Task description:
All of the entries below are to be repeated word for word.
---------------
lemma deletion_invariant_union_eq:
  assumes del: "\<And>A x. 3 \<le> card A \<Longrightarrow> x \<in> A \<Longrightarrow> f (A - {x}) = f A"
    and "2 \<le> card A" "finite D"
  shows "f (A \<union> D) = f A"
  using \<open>finite D\<close>
proof (induction D rule: finite_induct)
  case empty
  show ?case by simp
next
  case (insert d D)
  show ?case
  proof (cases "d \<in> A")
    case True
    then show ?thesis using insert.IH by (simp add: insert_absorb)
  next
    case False
    have "finite A" using \<open>2 \<le> card A\<close> card_ge_0_finite by force
    then have "card A \<le> card (A \<union> D)" using \<open>finite D\<close> by (intro card_mono) auto
    then have "3 \<le> card (A \<union> insert d D)"
      using \<open>finite A\<close> \<open>finite D\<close> \<open>d \<notin> A\<close> \<open>d \<notin> D\<close> \<open>2 \<le> card A\<close> by simp
    then have "f ((A \<union> insert d D) - {d}) = f (A \<union> insert d D)" by (intro del) auto
    moreover have "(A \<union> insert d D) - {d} = A \<union> D" using \<open>d \<notin> A\<close> \<open>d \<notin> D\<close> by auto
    ultimately show ?thesis using insert.IH by simp
  qed
qed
---------------
Final answer:
lemma deletion_invariant_union_eq:
  assumes del: "\<And>A x. 3 \<le> card A \<Longrightarrow> x \<in> A \<Longrightarrow> f (A - {x}) = f A"
    and "2 \<le> card A" "finite D"
  shows "f (A \<union> D) = f A"
  using \<open>finite D\<close>
proof (induction D rule: finite_induct)
  case empty
  show ?case by simp
next
  case (insert d D)
  show ?case
  proof (cases "d \<in> A")
    case True
    then show ?thesis using insert.IH by (simp add: insert_absorb)
  next
    case False
    have "finite A" using \<open>2 \<le> card A\<close> card_ge_0_finite by force
    then have "card A \<le> card (A \<union> D)" using \<open>finite D\<close> by (intro card_mono) auto
    then have "3 \<le> card (A \<union> insert d D)"
      using \<open>finite A\<close> \<open>finite D\<close> \<open>d \<notin> A\<close> \<open>d \<notin> D\<close> \<open>2 \<le> card A\<close> by simp
    then have "f ((A \<union> insert d D) - {d}) = f (A \<union> insert d D)" by (intro del) auto
    moreover have "(A \<union> insert d D) - {d} = A \<union> D" using \<open>d \<notin> A\<close> \<open>d \<notin> D\<close> by auto
    ultimately show ?thesis using insert.IH by simp
  qed
qed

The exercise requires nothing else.